(* Let $\ell$ be an even positive integer and $w$ an $\ell$-perfect word over $\{0,1\}$. Then there exists an $\ell$-perfect word $z$ over $\{0,1\}$ of length $2|w|$ such that $\mathrm{even}(z)=w$.
   Context: For a finite word $z=a_1\cdots a_m$, $\mathrm{even}(z)=a_2a_4\cdots$. For words $w,u$, $|w|^{al}_u=|\{i: w[i..i+|u|-1]=u,\ i\equiv1\bmod|u|\}|$. A finite binary word $w$ is $\ell$-perfect if $|w|$ is a multiple of $\ell$ and every word $u$ of length $\ell$ satisfies $|w|^{al}_u=|w|/(\ell2^\ell)$. *)

theory Defs
  imports Main Complex_Main
begin

text \<open>Binary words are lists of booleans (False = 0, True = 1); positions in the
paper are 1-based, list indices are 0-based.\<close>

text \<open>even(a_1 ... a_m) = a_2 a_4 ...: the letters at 1-based even positions,
i.e. at 0-based odd indices.\<close>
definition even_part :: "bool list \<Rightarrow> bool list" where
  "even_part z = map (\<lambda>i. z ! i) (filter odd [0..<length z])"

text \<open>Aligned occurrences: 1-based start positions i with i = 1 mod |u|,
i.e. 0-based start indices divisible by |u|, whose window fits in w.\<close>
definition aligned_count :: "bool list \<Rightarrow> bool list \<Rightarrow> nat" where
  "aligned_count w u = card {i. i + length u \<le> length w \<and> i mod length u = 0
                              \<and> take (length u) (drop i w) = u}"

definition perfect :: "nat \<Rightarrow> bool list \<Rightarrow> bool" where
  "perfect l w \<longleftrightarrow> l dvd length w \<and>
     (\<forall>u. length u = l \<longrightarrow> real (aligned_count w u) = real (length w) / (real l * 2 ^ l))"

end

theory Submission
  imports Defs
begin

text \<open>Cut w into aligned blocks x = a b with |a| = |b| = l/2 and replace each block by the two
blocks splice b a and splice a b (letters of the two halves interleaved). Their even parts are
a and b, so even(z) = w. Both maps a b \<mapsto> splice b a and a b \<mapsto> splice a b permute the words of
length l, so every u occurs among the aligned blocks of z exactly as often as its two preimages
occur among those of w, i.e. twice the common frequency.\<close>

definition odd_part :: "'a list \<Rightarrow> 'a list" where
  "odd_part z = map (\<lambda>i. z ! i) (filter even [0..<length z])"

lemma even_part_Nil [simp]: "even_part [] = []"
  by (simp add: even_part_def)

lemma odd_part_Nil [simp]: "odd_part [] = []"
  by (simp add: odd_part_def)

lemma even_part_Cons [simp]: "even_part (x # z) = odd_part z"
  by (simp add: even_part_def odd_part_def upt_conv_Cons map_Suc_upt[symmetric] filter_map comp_def
      del: upt_Suc)

lemma odd_part_Cons [simp]: "odd_part (x # z) = x # even_part z"
  by (simp add: even_part_def odd_part_def upt_conv_Cons map_Suc_upt[symmetric] filter_map comp_def
      del: upt_Suc)

lemma length_even_odd_part:
  "length (even_part z) = length z div 2 \<and> length (odd_part z) = (length z + 1) div 2"
  by (induction z) auto

lemma even_part_splice: "length a = length b \<Longrightarrow> even_part (splice a b) = b"
  and odd_part_splice: "length a = length b \<Longrightarrow> odd_part (splice a b) = a"
  by (induction a b rule: list_induct2) simp_all

lemma splice_odd_part_even_part: "splice (odd_part z) (even_part z) = z"
  by (induction z) simp_all

lemma even_part_append: "even (length x) \<Longrightarrow> even_part (x @ y) = even_part x @ even_part y"
  by (induction x rule: induct_list012) simp_all

lemma aligned_count_Nil: "0 < length u \<Longrightarrow> aligned_count [] u = 0"
  by (simp add: aligned_count_def)

lemma aligned_count_append_block:
  assumes "length x = length u" "0 < length u"
  shows "aligned_count (x @ r) u = of_bool (x = u) + aligned_count r u"
proof -
  let ?l = "length u"
  let ?S = "\<lambda>v. {i. i + ?l \<le> length v \<and> i mod ?l = 0 \<and> take ?l (drop i v) = u}"
  have "?S (x @ r) = (if x = u then {0} else {}) \<union> (\<lambda>i. i + ?l) ` ?S r"
  proof (rule set_eqI)
    fix i
    show "i \<in> ?S (x @ r) \<longleftrightarrow> i \<in> (if x = u then {0} else {}) \<union> (\<lambda>i. i + ?l) ` ?S r"
    proof (cases "i < ?l")
      case True
      then show ?thesis using assms by (auto simp: image_iff)
    next
      case False
      then obtain j where "i = j + ?l" by (metis add.commute le_iff_add not_less)
      then show ?thesis using assms by (auto simp: image_iff)
    qed
  qed
  moreover have "0 \<notin> (\<lambda>i. i + ?l) ` ?S r" using assms by auto
  moreover have "finite (?S r)" by (rule finite_subset[of _ "{..length r}"]) auto
  ultimately show ?thesis
    unfolding aligned_count_def by (simp add: card_image inj_on_def)
qed

lemma aligned_count_concat:
  assumes "0 < length u" "\<forall>x\<in>set xs. length x = length u"
  shows "aligned_count (concat xs) u = count_list xs u"
  using assms(2)
proof (induction xs)
  case Nil
  show ?case using aligned_count_Nil[OF assms(1)] by simp
next
  case (Cons x xs)
  then show ?case using aligned_count_append_block[OF _ assms(1)] by simp
qed

lemma concat_chunks_exists:
  assumes "0 < l" "l dvd length w"
  shows "\<exists>ws. concat ws = w \<and> (\<forall>x\<in>set ws. length x = l)"
  using assms(2)
proof (induction "length w div l" arbitrary: w)
  case 0
  then have "w = []" using assms(1) by (auto elim: dvdE)
  then show ?case by (intro exI[of _ "[]"]) simp
next
  case (Suc n)
  have "l \<le> length w"
    using Suc.hyps(2) by (metis div_less nat.distinct(1) not_le)
  then have "l dvd length (drop l w)" and "n = length (drop l w) div l"
    using Suc.prems Suc.hyps(2) assms(1) by (simp_all add: le_div_geq)
  then obtain ws where "concat ws = drop l w" "\<forall>x\<in>set ws. length x = l"
    using Suc.hyps(1) by blast
  moreover have "length (take l w) = l"
    using \<open>l \<le> length w\<close> by simp
  ultimately show ?case by (intro exI[of _ "take l w # ws"]) simp
qed

lemma perfect_concat_iff:
  assumes "0 < l" "\<forall>x\<in>set xs. length x = l"
  shows "perfect l (concat xs) \<longleftrightarrow>
         (\<forall>u. length u = l \<longrightarrow> real (count_list xs u) = real (length xs) / 2 ^ l)"
proof -
  have "length (concat xs) = l * length xs"
    using assms(2) by (induction xs) simp_all
  then show ?thesis
    using assms by (simp add: perfect_def aligned_count_concat)
qed

lemma count_list_map_inj_on:
  "inj_on f (insert v (set xs)) \<Longrightarrow> count_list (map f xs) (f v) = count_list xs v"
  by (induction xs) (auto simp: inj_on_def)

lemma count_list_map_bij_betw:
  assumes "bij_betw f A B" "set xs \<subseteq> A" "u \<in> B"
  shows "count_list (map f xs) u = count_list xs (inv_into A f u)"
proof -
  have "f (inv_into A f u) = u" "inv_into A f u \<in> A"
    using assms by (auto simp: bij_betw_inv_into_right bij_betw_def inv_into_into)
  then show ?thesis
    using count_list_map_inj_on[of f "inv_into A f u" xs] assms(1,2)
    by (metis bij_betw_def inj_on_subset insert_subset)
qed

lemma perfect_concat_map_append:
  assumes "0 < l" "\<forall>x\<in>set xs. length x = l" "perfect l (concat xs)"
    and f: "bij_betw f {x. length x = l} {x. length x = l}"
    and g: "bij_betw g {x. length x = l} {x. length x = l}"
  shows "perfect l (concat (map (\<lambda>x. f x @ g x) xs))"
proof -
  let ?L = "{x. length x = l}"
  let ?ys = "concat (map (\<lambda>x. [f x, g x]) xs)"
  have sub: "set xs \<subseteq> ?L" using assms(2) by auto
  have ys: "\<forall>y\<in>set ?ys. length y = l"
    using assms(2) f g by (auto simp: bij_betw_def)
  have xs: "real (count_list xs v) = real (length xs) / 2 ^ l" if "v \<in> ?L" for v
    using assms(3) perfect_concat_iff[OF assms(1,2)] that by simp
  have "real (count_list ?ys u) = real (length ?ys) / 2 ^ l" if u: "u \<in> ?L" for u
  proof -
    have "count_list ?ys u = count_list (map f xs) u + count_list (map g xs) u"
      by (induction xs) simp_all
    also have "\<dots> = count_list xs (inv_into ?L f u) + count_list xs (inv_into ?L g u)"
      using count_list_map_bij_betw[OF f sub u] count_list_map_bij_betw[OF g sub u] by simp
    finally have count: "count_list ?ys u = \<dots>" .
    have "inv_into ?L f u \<in> ?L" "inv_into ?L g u \<in> ?L"
      using f g u by (metis bij_betw_def inv_into_into)+
    then have "real (count_list ?ys u) = 2 * (real (length xs) / 2 ^ l)"
      using count xs by simp
    moreover have "length ?ys = 2 * length xs"
      by (induction xs) simp_all
    ultimately show ?thesis by simp
  qed
  moreover have "concat (map (\<lambda>x. f x @ g x) xs) = concat ?ys"
    by (induction xs) simp_all
  ultimately show ?thesis
    using perfect_concat_iff[OF assms(1) ys] by simp
qed

lemma bij_betw_splice_halves:
  "bij_betw (\<lambda>x. splice (take h x) (drop h x)) {x :: bool list. length x = 2 * h}
     {x. length x = 2 * h}"
  by (rule bij_betw_byWitness[where f' = "\<lambda>y. odd_part y @ even_part y"])
     (auto simp: even_part_splice odd_part_splice splice_odd_part_even_part length_even_odd_part)

lemma bij_betw_splice_swapped_halves:
  "bij_betw (\<lambda>x. splice (drop h x) (take h x)) {x :: bool list. length x = 2 * h}
     {x. length x = 2 * h}"
  by (rule bij_betw_byWitness[where f' = "\<lambda>y. even_part y @ odd_part y"])
     (auto simp: even_part_splice odd_part_splice splice_odd_part_even_part length_even_odd_part)

lemma even_part_concat:
  "\<forall>x\<in>set xs. even (length x) \<Longrightarrow> even_part (concat xs) = concat (map even_part xs)"
  by (induction xs) (simp_all add: even_part_append)

theorem corollary11:
  fixes l :: nat and w :: "bool list"
  assumes "l > 0" and "even l" and "perfect l w"
  shows "\<exists>z. perfect l z \<and> length z = 2 * length w \<and> even_part z = w"
proof -
  obtain h where l: "l = 2 * h" using assms(2) by blast
  obtain ws where w: "concat ws = w" and ws: "\<forall>x\<in>set ws. length x = l"
    using concat_chunks_exists[OF assms(1)] assms(3) by (auto simp: perfect_def)
  let ?block = "\<lambda>x. splice (drop h x) (take h x) @ splice (take h x) (drop h x)"
  let ?z = "concat (map ?block ws)"
  have "perfect l ?z"
    using perfect_concat_map_append[OF assms(1) ws] assms(3) w l
      bij_betw_splice_halves bij_betw_splice_swapped_halves by simp
  moreover have "length ?z = 2 * length w"
    using ws l w by (induction ws arbitrary: w) auto
  moreover have "even_part ?z = w"
    using ws l w by (simp add: even_part_concat even_part_append even_part_splice map_idI)
  ultimately show ?thesis by blast
qed

end
(* Let $m\ge1$ and, for $\alpha=(\alpha_1,\ldots,\alpha_m)\in\mathbb{C}^m$, let $V(\alpha)$ be the Vandermonde matrix whose $(j,k)$ entry is $\alpha_j^{k-1}$ ($1\le j,k\le m$). For $\alpha$ with pairwise distinct coordinates, define the column vector of functions $$\big(f_1(x;\alpha),\ldots,f_m(x;\alpha)\big)^T:=V(\alpha)^{-1}\big(e^{\alpha_1x},\ldots,e^{\alpha_mx}\big)^T.$$ Then each $f_i$ extends to an entire function of $(x,\alpha)\in\mathbb{C}\times\mathbb{C}^m$, and for every fixed $\alpha\in\mathbb{C}^m$ the functions $f_1(\cdot;\alpha),\ldots,f_m(\cdot;\alpha)$ are linearly independent analytic solutions of $\big(\prod_{j=1}^m(\frac{d}{dx}-\alpha_j)\big)f=0$; i.e. they form a graceful basis of its solution space.
   Context: A graceful basis for the equation $\big(\prod_{j=1}^m(\frac{d}{dx}-\alpha_j)\big)f=0$ is an $m$-tuple of analytic solutions $f_j(x;\alpha)$, $j=1,\dots,m$, such that each $f_j$ is an entire function of $(x,\alpha)\in\mathbb{C}\times\mathbb{C}^m$ and, for every fixed $\alpha\in\mathbb{C}^m$, the univariate functions $f_1(\cdot;\alpha),\dots,f_m(\cdot;\alpha)$ are linearly independent solutions of the equation. *)

theory Defs
  imports "HOL-Analysis.Analysis"
begin

text \<open>Indices 1..m are modelled by a finite linearly ordered type 'm (m = CARD('m)).
  The position (0-based) of an index k is the number of indices strictly below it;
  the (j,k) entry of the Vandermonde matrix is alpha_j to the power pos k.\<close>

definition pos :: "'m::{finite,linorder} \<Rightarrow> nat" where
  "pos k = card {i. i < k}"

definition vandermonde :: "complex ^ 'm::{finite,linorder} \<Rightarrow> complex ^ 'm::{finite,linorder} ^ 'm::{finite,linorder}" where
  "vandermonde \<alpha> = (\<chi> j k. (\<alpha> $ j) ^ pos k)"

text \<open>Entire (holomorphic on all of C x C^m) function of several complex variables:
  Frechet differentiable everywhere with complex-linear derivative.\<close>

definition entire_cm :: "((complex \<times> (complex ^ 'm::finite)) \<Rightarrow> complex) \<Rightarrow> bool" where
  "entire_cm F \<longleftrightarrow> (\<forall>z. \<exists>D. (F has_derivative D) (at z) \<and>
       (\<forall>c u v. D (c * u, c *s v) = c * D (u, v)))"

definition dop :: "complex \<Rightarrow> (complex \<Rightarrow> complex) \<Rightarrow> (complex \<Rightarrow> complex)" where
  "dop a g = (\<lambda>x. deriv g x - a * g x)"

definition ode_op :: "complex ^ 'm::{finite,linorder} \<Rightarrow> (complex \<Rightarrow> complex) \<Rightarrow> (complex \<Rightarrow> complex)" where
  "ode_op \<alpha> g = fold (\<lambda>j h. dop (\<alpha> $ j) h) (sorted_list_of_set (UNIV :: 'm set)) g"

end

theory Submission
  imports Defs "HOL-Computational_Algebra.Polynomial"
begin

(* Let \<omega>(t) = (t - \<alpha>\<^sub>1)...(t - \<alpha>\<^sub>m) and let P\<^sub>n be the remainder of t^n modulo \<omega>, and put
   f\<^sub>k(x;\<alpha>) = \<Sum>\<^sub>n [t^k] P\<^sub>n x^n/n!, the coefficients of e^(xt) mod \<omega>. Since P\<^sub>n(\<alpha>\<^sub>j) = \<alpha>\<^sub>j^n, the
   Vandermonde matrix maps (f\<^sub>k) to (e^(\<alpha>\<^sub>j x)), so f = V(\<alpha>)^-1 e when the \<alpha>\<^sub>j are distinct.
   Applying d/dx - \<alpha>\<^sub>i to such a series multiplies t^n by t - \<alpha>\<^sub>i before reducing, so the
   whole operator produces the remainders of t^n \<omega>, which vanish. As P\<^sub>k = t^k for k < m, the
   Taylor coefficients of \<Sum> c\<^sub>k f\<^sub>k include the c\<^sub>k themselves, whence independence.
   Entireness in (x, \<alpha>) comes from expanding P\<^sub>n in the Newton basis (t - \<alpha>\<^sub>1)...(t - \<alpha>\<^sub>l):
   the coordinates are polynomials in \<alpha> growing geometrically in n, as do their derivatives,
   so the series may be differentiated termwise. *)

section \<open>Exponential generating series\<close>

definition geom_bounded :: "(nat \<Rightarrow> 'a::real_normed_vector) \<Rightarrow> bool" where
  "geom_bounded a \<longleftrightarrow> (\<exists>C B. B \<ge> 0 \<and> (\<forall>n. norm (a n) \<le> C * B ^ n))"

definition egf :: "(nat \<Rightarrow> 'a::real_normed_field) \<Rightarrow> 'a \<Rightarrow> 'a" where
  "egf a x = (\<Sum>n. a n / fact n * x ^ n)"

lemma geom_bounded_powerI: "(\<And>n. norm (a n) \<le> B ^ n) \<Longrightarrow> geom_bounded a"
  unfolding geom_bounded_def by (metis mult_1 norm_ge_zero order_trans power_one_right)

lemma geom_bounded_Suc: "geom_bounded a \<Longrightarrow> geom_bounded (\<lambda>n. a (Suc n))"
  unfolding geom_bounded_def by (metis mult.assoc mult.commute power_Suc)

lemma geom_bounded_shift: "geom_bounded a \<Longrightarrow> geom_bounded (\<lambda>n. a (n + k))"
  by (induction k) (auto dest: geom_bounded_Suc)

lemma geom_bounded_cmult:
  fixes a :: "nat \<Rightarrow> 'a::real_normed_algebra"
  assumes "geom_bounded a" shows "geom_bounded (\<lambda>n. c * a n)"
proof -
  obtain C B where "B \<ge> 0" "\<And>n. norm (a n) \<le> C * B ^ n"
    using assms unfolding geom_bounded_def by blast
  then have "norm (c * a n) \<le> (norm c * C) * B ^ n" for n
    by (metis mult.assoc mult_left_mono norm_ge_zero norm_mult_ineq order_trans)
  with \<open>B \<ge> 0\<close> show ?thesis unfolding geom_bounded_def by blast
qed

lemma geom_bounded_add:
  assumes "geom_bounded a" "geom_bounded b" shows "geom_bounded (\<lambda>n. a n + b n)"
proof -
  obtain C B where B: "B \<ge> 0" and a: "\<And>n. norm (a n) \<le> C * B ^ n"
    using assms(1) unfolding geom_bounded_def by blast
  obtain C' B' where B': "B' \<ge> 0" and b: "\<And>n. norm (b n) \<le> C' * B' ^ n"
    using assms(2) unfolding geom_bounded_def by blast
  have "C \<ge> 0" "C' \<ge> 0"
    using order_trans[OF norm_ge_zero a[of 0]] order_trans[OF norm_ge_zero b[of 0]] by simp_all
  have "norm (a n + b n) \<le> (C + C') * max B B' ^ n" for n
  proof -
    have "norm (a n + b n) \<le> C * B ^ n + C' * B' ^ n"
      using norm_triangle_le[OF add_mono[OF a b]] .
    also have "\<dots> \<le> C * max B B' ^ n + C' * max B B' ^ n"
      using B B' \<open>C \<ge> 0\<close> \<open>C' \<ge> 0\<close> by (intro add_mono mult_left_mono power_mono) auto
    finally show ?thesis by (simp add: distrib_right)
  qed
  then show ?thesis unfolding geom_bounded_def using B by (metis max.coboundedI1)
qed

◆ ◆ ◆ ◆ ◆

■ Work task: Please tally how many lines in the listing above contain the word "definition", and answer with the figure alone.

■ Solution for this exercise: 11